> [WHAT THE TASK ASKS]: The word "that" may appear in some lines of the data; copy every such line.
Top of RECORDS
lemma bounded_on_orbits_if_boundary_dominated:
  assumes cx: "cw_G_complex G cells cdim bd act"
    and dom: "\<And>c. is_chain cells cdim k c \<Longrightarrow> \<bar>cochain_eval \<alpha> c\<bar> \<le> \<Lambda> * norm1 (chain_bdry bd c)"
  shows "bounded_on_orbits G act cells cdim k \<alpha>"
  unfolding bounded_on_orbits_def
proof (intro ballI impI)
  fix e assume e: "e \<in> cells" "cdim e = k"
  have closed: "\<forall>g\<in>carrier G. \<forall>e\<in>cells. act g e \<in> cells \<and> cdim (act g e) = cdim e"
    using cx unfolding cw_G_complex_def by blast
  have "\<bar>\<alpha> (act g e)\<bar> \<le> \<Lambda> * norm1 (\<lambda>f. of_int (bd e f))" if g: "g \<in> carrier G" for g
    using dom[OF is_chain_indicator[of "act g e" cells cdim k]] closed g e
    by (simp add: cochain_eval_indicator chain_bdry_indicator norm1_boundary_act[OF cx g e(1)])
  then show "\<exists>B. \<forall>g\<in>carrier G. \<bar>\<alpha> (act g e)\<bar> \<le> B" by blast
qed

lemma bounded_on_finitely_many_orbits:
  fixes \<beta> :: "'c \<Rightarrow> real"
  assumes cx: "cw_G_complex G cells cdim bd act" and S: "S \<subseteq> cells"
    and fin: "finite (orbit_of G act ` S)"
    and bdd: "\<forall>e\<in>S. \<exists>B. \<forall>g\<in>carrier G. \<bar>\<beta> (act g e)\<bar> \<le> B"
  shows "\<exists>B. \<forall>e\<in>S. \<bar>\<beta> e\<bar> \<le> B"
proof -
  have one: "\<one>\<^bsub>G\<^esub> \<in> carrier G" "\<forall>e\<in>cells. act \<one>\<^bsub>G\<^esub> e = e"
    using cx unfolding cw_G_complex_def by (auto intro: group.is_monoid)
  have cover: "S \<subseteq> \<Union>(orbit_of G act ` S)"
    unfolding orbit_of_def using one S by force
  have "bdd_above ((\<lambda>x. \<bar>\<beta> x\<bar>) ` Orb)" if "Orb \<in> orbit_of G act ` S" for Orb
  proof -
    from that obtain e B where "e \<in> S" "Orb = (\<lambda>g. act g e) ` carrier G"
      and "\<forall>g\<in>carrier G. \<bar>\<beta> (act g e)\<bar> \<le> B"
      using bdd unfolding orbit_of_def by blast
    then show ?thesis by (auto intro: bdd_aboveI2)
  qed
  with fin have "bdd_above ((\<lambda>x. \<bar>\<beta> x\<bar>) ` \<Union>(orbit_of G act ` S))"
    by (simp only: image_Union bdd_above_UN) (intro ballI)
  then obtain B where "\<forall>x\<in>\<Union>(orbit_of G act ` S). \<bar>\<beta> x\<bar> \<le> B"
    by (auto simp: bdd_above_def)
  with cover show ?thesis by blast
qed

lemma boundary_dominated_if_bounded_primitive:
  assumes fin_bd: "\<And>e. finite {f. bd e f \<noteq> 0}"
    and inc: "\<And>e f. bd e f \<noteq> 0 \<Longrightarrow> f \<in> cells \<and> cdim e = cdim f + 1"
    and bound: "\<forall>f\<in>cells. cdim f + 1 = k \<longrightarrow> \<bar>\<beta> f\<bar> \<le> B"
    and prim: "\<forall>e\<in>cells. cdim e = k \<longrightarrow> \<alpha> e = coboundary bd \<beta> e"
    and c: "is_chain cells cdim k c"
  shows "\<bar>cochain_eval \<alpha> c\<bar> \<le> B * norm1 (chain_bdry bd c)"
proof -
  have "cochain_eval \<alpha> c = cochain_eval (coboundary bd \<beta>) c"
    using c prim unfolding is_chain_def by (intro cochain_eval_cong) auto
  also have "\<dots> = cochain_eval \<beta> (chain_bdry bd c)"
    using cochain_eval_chain_bdry[OF fin_bd is_chain_finsupp[OF c]] by simp
  finally have "cochain_eval \<alpha> c = cochain_eval \<beta> (chain_bdry bd c)" .
  moreover have "\<bar>\<beta> f\<bar> \<le> B" if "chain_bdry bd c f \<noteq> 0" for f
    using chain_bdry_nonzero[OF that] c inc bound unfolding is_chain_def by metis
  ultimately show ?thesis by (simp add: abs_cochain_eval_le)
qed

lemma coh_infty_zero_bounded_primitive:
  assumes cx: "cw_G_complex G cells cdim bd act"
    and fin: "finite_skeleton_below G act cells cdim k"
    and coh: "coh_infty_zero G act cells cdim bd k \<alpha>"
  obtains \<beta> B where "0 \<le> B" "\<forall>f\<in>cells. cdim f + 1 = k \<longrightarrow> \<bar>\<beta> f\<bar> \<le> B"
    "\<forall>e\<in>cells. cdim e = k \<longrightarrow> \<alpha> e = coboundary bd \<beta> e"
proof -
  have fin': "finite (orbit_of G act ` {f\<in>cells. cdim f + 1 = k})"
    using fin unfolding finite_skeleton_below_def by (rule finite_subset[rotated]) auto
  obtain \<beta> where orb: "\<forall>f\<in>cells. cdim f + 1 = k \<longrightarrow> (\<exists>B. \<forall>g\<in>carrier G. \<bar>\<beta> (act g f)\<bar> \<le> B)"
    and prim: "\<forall>e\<in>cells. cdim e = k \<longrightarrow> \<alpha> e = coboundary bd \<beta> e"
    using coh unfolding coh_infty_zero_def by blast
  obtain B where "\<forall>f\<in>{f\<in>cells. cdim f + 1 = k}. \<bar>\<beta> f\<bar> \<le> B"
    using bounded_on_finitely_many_orbits[OF cx _ fin', of \<beta>] orb by auto
  then have "\<forall>f\<in>cells. cdim f + 1 = k \<longrightarrow> \<bar>\<beta> f\<bar> \<le> max B 0" by force
  with prim show ?thesis by (intro that[where \<beta> = \<beta> and B = "max B 0"]) simp_all
qed

theorem mainTheorem5:
  fixes G :: "('g,'b) monoid_scheme" and cells :: "'c set" and cdim :: "'c \<Rightarrow> nat"
    and bd :: "'c \<Rightarrow> 'c \<Rightarrow> int" and act :: "'g \<Rightarrow> 'c \<Rightarrow> 'c"
    and k :: nat and \<alpha> :: "'c \<Rightarrow> real"
  assumes cx: "cw_G_complex G cells cdim bd act"
    and coc: "cellular_cocycle cells cdim bd k \<alpha>"
  shows "((\<exists>\<Lambda>\<ge>0. \<forall>c. is_chain cells cdim k c \<longrightarrow>
              \<bar>cochain_eval \<alpha> c\<bar> \<le> \<Lambda> * norm1 (chain_bdry bd c))
           \<longrightarrow> bounded_on_orbits G act cells cdim k \<alpha> \<and> coh_infty_zero G act cells cdim bd k \<alpha>)
       \<and> ((finite_skeleton_below G act cells cdim k \<and> bounded_on_orbits G act cells cdim k \<alpha>
            \<and> coh_infty_zero G act cells cdim bd k \<alpha>)
           \<longrightarrow> (\<exists>\<Lambda>\<ge>0. \<forall>c. is_chain cells cdim k c \<longrightarrow>
              \<bar>cochain_eval \<alpha> c\<bar> \<le> \<Lambda> * norm1 (chain_bdry bd c)))"
proof (intro conjI impI)
  have fin_bd: "\<And>e. finite {f. bd e f \<noteq> 0}"
    and inc: "\<And>e f. bd e f \<noteq> 0 \<Longrightarrow> f \<in> cells \<and> cdim e = cdim f + 1"
    using cx unfolding cw_G_complex_def by blast+
  {
    assume "\<exists>\<Lambda>\<ge>0. \<forall>c. is_chain cells cdim k c \<longrightarrow> \<bar>cochain_eval \<alpha> c\<bar> \<le> \<Lambda> * norm1 (chain_bdry bd c)"
    then obtain \<Lambda> where "boundary_dominated cells cdim bd k \<alpha> \<Lambda>"
      using fin_bd unfolding boundary_dominated_def by blast
    then interpret boundary_dominated cells cdim bd k \<alpha> \<Lambda> .
    obtain \<beta> where "\<forall>x. \<bar>\<beta> x\<bar> \<le> \<Lambda>" "\<forall>e\<in>cells. cdim e = k \<longrightarrow> \<alpha> e = coboundary bd \<beta> e"
      using bounded_primitive_exists by blast
    then show "coh_infty_zero G act cells cdim bd k \<alpha>"
      unfolding coh_infty_zero_def by blast
    show "bounded_on_orbits G act cells cdim k \<alpha>"
      using bounded_on_orbits_if_boundary_dominated[OF cx dominated] .
  }
  assume "finite_skeleton_below G act cells cdim k \<and> bounded_on_orbits G act cells cdim k \<alpha>
    \<and> coh_infty_zero G act cells cdim bd k \<alpha>"
  then have "finite_skeleton_below G act cells cdim k" "coh_infty_zero G act cells cdim bd k \<alpha>"
    by simp_all
  then obtain \<beta> B where "0 \<le> B" and bound: "\<forall>f\<in>cells. cdim f + 1 = k \<longrightarrow> \<bar>\<beta> f\<bar> \<le> B"
    and prim: "\<forall>e\<in>cells. cdim e = k \<longrightarrow> \<alpha> e = coboundary bd \<beta> e"
    by (rule coh_infty_zero_bounded_primitive[OF cx])
  with boundary_dominated_if_bounded_primitive[OF fin_bd inc bound prim]
  show "\<exists>\<Lambda>\<ge>0. \<forall>c. is_chain cells cdim k c \<longrightarrow> \<bar>cochain_eval \<alpha> c\<bar> \<le> \<Lambda> * norm1 (chain_bdry bd c)"
    by blast
qed

end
Bottom of RECORDS
> [FINISHED TASK]:
    from that obtain e B where "e \<in> S" "Orb = (\<lambda>g. act g e) ` carrier G"
    using chain_bdry_nonzero[OF that] c inc bound unfolding is_chain_def by metis
  with prim show ?thesis by (intro that[where \<beta> = \<beta> and B = "max B 0"]) simp_all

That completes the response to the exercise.